### Work required:
What is the number of lines in the records below holding the string "incl"? Reply with it and nothing else.

### Data section:
section \<open>Determined emptiness forces A to be a union of boxes\<close>

text \<open>If G determines whether a countable set meets A, every point of A lies in some
  set of G (compare the empty set with {x}).\<close>
lemma point_in_generator:
  assumes "determined_by S G (empty_event S A)" "x \<in> A" "A \<subseteq> S"
  shows "\<exists>B\<in>G. x \<in> B"
proof (rule ccontr)
  assume "\<not> ?thesis"
  then have "Ncount B {} = Ncount B {x}" if "B \<in> G" for B
    using that by (simp add: Ncount_singleton Ncount_def zero_enat_def)
  moreover have sing: "{} \<in> cntsets S" "{x} \<in> cntsets S" using assms by (auto simp: cntsets_def)
  ultimately have "{} \<in> empty_event S A \<longleftrightarrow> {x} \<in> empty_event S A"
    by (intro determined_byD[OF assms(1)])
  then show False using assms(2) sing unfolding empty_event_def by auto
qed

text \<open>Let g enumerate a separating family and let y n be points different from x
  that agree with x on g 0, ..., g n.  Then every g k containing x contains
  infinitely many of the y n: otherwise some value y n0 recurs for arbitrarily large
  n, so it agrees with x on all of G and equals x.\<close>
lemma agreeing_sequence_meets_infinitely:
  fixes g :: "nat \<Rightarrow> 'a set" and y :: "nat \<Rightarrow> 'a"
  assumes sep: "separates_points S (range g)" and "x \<in> S" "range y \<subseteq> S"
    and y_ne: "\<And>n. y n \<noteq> x"
    and agree: "\<And>i n. i \<le> n \<Longrightarrow> y n \<in> g i \<longleftrightarrow> x \<in> g i"
    and "x \<in> g k"
  shows "infinite (g k \<inter> range y)"
proof
  assume "finite (g k \<inter> range y)"
  moreover have "y ` {k..} \<subseteq> g k \<inter> range y"
    using agree \<open>x \<in> g k\<close> by (intro image_subsetI IntI) simp_all
  ultimately have "finite (y ` {k..})" by (rule finite_subset[rotated])
  then obtain n0 where recur: "infinite {n \<in> {k..}. y n = y n0}"
    using pigeonhole_infinite[OF infinite_Ici[of k]] by blast
  have agree_all: "y n0 \<in> g j \<longleftrightarrow> x \<in> g j" for j
  proof -
    obtain n where "n \<ge> j" "y n = y n0"
      using recur unfolding infinite_nat_iff_unbounded_le by blast
    then show ?thesis using agree[of j n] by simp
  qed
  have "y n0 \<in> S" using \<open>range y \<subseteq> S\<close> by blast
  then obtain B where "B \<in> range g" "(y n0 \<in> B) \<noteq> (x \<in> B)"
    using separates_pointsD[OF sep _ \<open>x \<in> S\<close> y_ne[of n0]] by blast
  then show False using agree_all by blast
qed

text \<open>Consequently, adding x to the range of such a sequence changes none of its
  counts on the sets g k: those not containing x are unaffected, and on those
  containing x both counts are infinite.\<close>
lemma agreeing_sequence_same_counts:
  fixes g :: "nat \<Rightarrow> 'a set" and y :: "nat \<Rightarrow> 'a"
  assumes sep: "separates_points S (range g)" and "x \<in> S" "range y \<subseteq> S"
    and y_ne: "\<And>n. y n \<noteq> x"
    and agree: "\<And>i n. i \<le> n \<Longrightarrow> y n \<in> g i \<longleftrightarrow> x \<in> g i"
  shows "Ncount (g k) (range y) = Ncount (g k) (insert x (range y))"
proof (cases "x \<in> g k")
  case True
  have "infinite (g k \<inter> range y)"
    using agreeing_sequence_meets_infinitely[of S g x y k] sep \<open>x \<in> S\<close> \<open>range y \<subseteq> S\<close>
      y_ne agree True by blast
  moreover have "g k \<inter> range y \<subseteq> g k \<inter> insert x (range y)" by blast
  ultimately show ?thesis by (metis Ncount_infinite finite_subset)
qed (simp add: Ncount_def)

definition boxes :: "'a set set \<Rightarrow> 'a set set" where
  "boxes G = {\<Inter>F1 - \<Union>F2 | F1 F2. finite F1 \<and> finite F2 \<and> F1 \<subseteq> G \<and> F2 \<subseteq> G \<and> F1 \<noteq> {}}"

lemma countable_boxes:
  assumes "countable G"
  shows "countable (boxes G)"
proof -
  let ?Fin = "{F. finite F \<and> F \<subseteq> G}"
  have "boxes G \<subseteq> (\<lambda>(F1, F2). \<Inter>F1 - \<Union>F2) ` (?Fin \<times> ?Fin)"
    unfolding boxes_def by auto
  moreover have "countable (?Fin \<times> ?Fin)"
    using countable_Collect_finite_subset[OF assms] by (intro countable_SIGMA)
  ultimately show ?thesis by (rule countable_subset[OF _ countable_image])
qed

text \<open>The key step: each point of A lies in a box contained in A.  Otherwise,
  enumerating G as g, the box cut out by g 0, ..., g n around x contains a point
  y n outside A.  Then range y misses A while insert x (range y) meets it, yet by
  agreeing_sequence_same_counts both have the same counts on G.\<close>
lemma point_in_box:
  assumes "countable G" "G \<subseteq> Pow S" "separates_points S G"
    and det: "determined_by S G (empty_event S A)" and "A \<subseteq> S" "x \<in> A"
  shows "\<exists>b\<in>boxes G. x \<in> b \<and> b \<subseteq> A"
proof (rule ccontr)
  assume no_box: "\<not> ?thesis"
  have "x \<in> S" using assms by blast
  obtain B0 where B0: "B0 \<in> G" "x \<in> B0" using point_in_generator[OF det \<open>x \<in> A\<close> \<open>A \<subseteq> S\<close>] ..
  define g where "g = from_nat_into G"
  have range_g: "range g = G"
    unfolding g_def using B0 \<open>countable G\<close> by (intro range_from_nat_into) auto
  define box where "box n = \<Inter>(insert B0 (g ` {i. i \<le> n \<and> x \<in> g i})) - \<Union>(g ` {i. i \<le> n \<and> x \<notin> g i})"
    for n
  have "box n \<in> boxes G" for n
    unfolding boxes_def box_def using B0 range_g
    by (intro CollectI exI[of _ "insert B0 (g ` {i. i \<le> n \<and> x \<in> g i})"]
        exI[of _ "g ` {i. i \<le> n \<and> x \<notin> g i}"]) auto
  moreover have "x \<in> box n" for n unfolding box_def using B0 by auto
  ultimately
  have "\<exists>z. z \<in> box n \<and> z \<notin> A" for n using no_box by blast
  then obtain y where y: "\<And>n. y n \<in> box n" "\<And>n. y n \<notin> A" by metis
  have agree: "i \<le> n \<Longrightarrow> y n \<in> g i \<longleftrightarrow> x \<in> g i" for i n
    using y(1)[of n] unfolding box_def by auto
  have "range y \<subseteq> S" using y(1) B0 \<open>G \<subseteq> Pow S\<close> unfolding box_def by blast
  have y_ne: "y n \<noteq> x" for n using y(2) \<open>x \<in> A\<close> by blast
  have "separates_points S (range g)" using range_g \<open>separates_points S G\<close> by simp
  from agreeing_sequence_same_counts[of S g x y, OF this \<open>x \<in> S\<close> \<open>range y \<subseteq> S\<close> y_ne agree]
  have "Ncount B (range y) = Ncount B (insert x (range y))" if "B \<in> G" for B
    using that range_g by blast
  moreover have "range y \<in> cntsets S" "insert x (range y) \<in> cntsets S"
    using \<open>range y \<subseteq> S\<close> \<open>x \<in> S\<close> by (auto simp: cntsets_def)
  ultimately have "range y \<in> empty_event S A \<longleftrightarrow> insert x (range y) \<in> empty_event S A"
    by (intro determined_byD[OF det])
  moreover have "A \<inter> range y = {}" using y(2) by blast
  ultimately show False using \<open>x \<in> A\<close> \<open>range y \<in> cntsets S\<close> unfolding empty_event_def by blast
qed

context semiring_of_sets
begin

lemma boxes_in_generated_ring:
  assumes "G \<subseteq> M"
  shows "boxes G \<subseteq> generated_ring"
proof
  fix b assume "b \<in> boxes G"
  then obtain F1 F2 where b: "b = \<Inter>F1 - \<Union>F2" and F: "finite F1" "finite F2" "F1 \<subseteq> G"
    "F2 \<subseteq> G" "F1 \<noteq> {}" unfolding boxes_def by blast
  interpret R: ring_of_sets \<Omega> generated_ring by (rule generating_ring)
  have "F1 \<subseteq> generated_ring" "F2 \<subseteq> generated_ring"
    using F(3,4) assms generated_ringI_Basic by blast+
  then have "\<Inter>F1 \<in> generated_ring" "\<Union>F2 \<in> generated_ring"
    using F(1,2,5) by (simp_all add: generated_ring_Inter R.finite_Union)
  then show "b \<in> generated_ring" unfolding b by (intro R.Diff)
qed

lemma Union_generated_ring_countable:
  assumes "countable R" "R \<subseteq> generated_ring"
  shows "\<exists>F. countable F \<and> F \<subseteq> M \<and> \<Union>R = \<Union>F"
proof -
  have "\<exists>C. finite C \<and> C \<subseteq> M \<and> r = \<Union>C" if "r \<in> R" for r
  proof -
    obtain C where "finite C" "disjoint C" "C \<subseteq> M" "r = \<Union>C"
      using generated_ringE \<open>r \<in> R\<close> assms(2) by blast
    then show ?thesis by blast
  qed
  then obtain C where C: "\<And>r. r \<in> R \<Longrightarrow> finite (C r) \<and> C r \<subseteq> M \<and> r = \<Union>(C r)"
    by metis
  show ?thesis
  proof (intro exI conjI)
    show "countable (\<Union>(C ` R))"
      using C by (intro countable_UN[OF assms(1)] countable_finite) simp
    show "\<Union>(C ` R) \<subseteq> M" using C by blast
    have "\<Union>(\<Union>(C ` R)) = (\<Union>r\<in>R. \<Union>(C r))" by blast
    also have "\<dots> = \<Union>R" using C by simp
    finally show "\<Union>R = \<Union>(\<Union>(C ` R))" by simp
  qed
qed

text \<open>If a countable separating G \<subseteq> M determines whether a countable set meets A,
  then A is a countable union of sets of M, namely of the boxes inside A.\<close>
lemma countable_Union_if_determined:
  assumes "countable G" "G \<subseteq> M" "separates_points \<Omega> G"
    and "determined_by \<Omega> G (empty_event \<Omega> A)" "A \<subseteq> \<Omega>"
  shows "\<exists>F. countable F \<and> F \<subseteq> M \<and> A = \<Union>F"
proof -
  define R where "R = {b \<in> boxes G. b \<subseteq> A}"
  have "G \<subseteq> Pow \<Omega>" using assms(2) sets_into_space by blast
  have "A \<subseteq> \<Union>R"
  proof
    fix x assume "x \<in> A"
    then obtain b where "b \<in> boxes G" "x \<in> b" "b \<subseteq> A"
      using point_in_box[OF assms(1) \<open>G \<subseteq> Pow \<Omega>\<close> assms(3-5)] by blast
    then show "x \<in> \<Union>R" unfolding R_def by blast
  qed
  then have A_eq: "A = \<Union>R" unfolding R_def by blast
  have "R \<subseteq> boxes G" unfolding R_def by blast
  then have "countable R" "R \<subseteq> generated_ring"
    using countable_subset countable_boxes[OF assms(1)] boxes_in_generated_ring[OF assms(2)]
    by blast+
  from Union_generated_ring_countable[OF this] obtain F
    where F: "countable F \<and> F \<subseteq> M \<and> \<Union>R = \<Union>F" ..
  with A_eq show ?thesis by auto
qed


text \<open>Collect determining families for the events {N_A = 0} and {N_e = 0},
  e \<in> E, into one countable G \<subseteq> M; it separates points since E does.\<close>
lemma countable_Union_if_CC_subset:
  assumes incl: "CC \<Omega> T \<subseteq> CC \<Omega> M"
    and E: "E \<subseteq> T" "countable E" "separates_points \<Omega> E"
    and "A \<in> T" "A \<subseteq> \<Omega>"
  shows "\<exists>F. countable F \<and> F \<subseteq> M \<and> A = \<Union>F"
proof -
  have "\<exists>G. countable G \<and> G \<subseteq> M \<and> determined_by \<Omega> G (empty_event \<Omega> A')"
    if "A' \<in> insert A E" for A'
  proof -
    have "A' \<in> T" using that E(1) \<open>A \<in> T\<close> by blast
    then show ?thesis by (rule CC_determined[OF subsetD[OF incl empty_event_in_CC]])
  qed
  then have "\<forall>A'\<in>insert A E. \<exists>G. countable G \<and> G \<subseteq> M \<and> determined_by \<Omega> G (empty_event \<Omega> A')"
    by (intro ballI)
  then obtain Gf where Gf: "\<forall>A'\<in>insert A E. countable (Gf A') \<and> Gf A' \<subseteq> M \<and>
      determined_by \<Omega> (Gf A') (empty_event \<Omega> A')" by (rule bchoice[THEN exE])
  define G where "G = (\<Union>A'\<in>insert A E. Gf A')"
  have det: "determined_by \<Omega> G (empty_event \<Omega> A')" if "A' \<in> insert A E" for A'
  proof (rule determined_by_mono)
    show "determined_by \<Omega> (Gf A') (empty_event \<Omega> A')" using Gf that by blast
    show "Gf A' \<subseteq> G" unfolding G_def using that by blast
  qed
  have "countable G" unfolding G_def using Gf E(2) by (intro countable_UN) auto
  moreover have "G \<subseteq> M" unfolding G_def using Gf by blast
  moreover have "separates_points \<Omega> G" using separates_points_if_determined[OF E(3)] det by blast
  ultimately show ?thesis
    by (rule countable_Union_if_determined[OF _ _ _ det[OF insertI1] \<open>A \<subseteq> \<Omega>\<close>])
qed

### Final answer:
2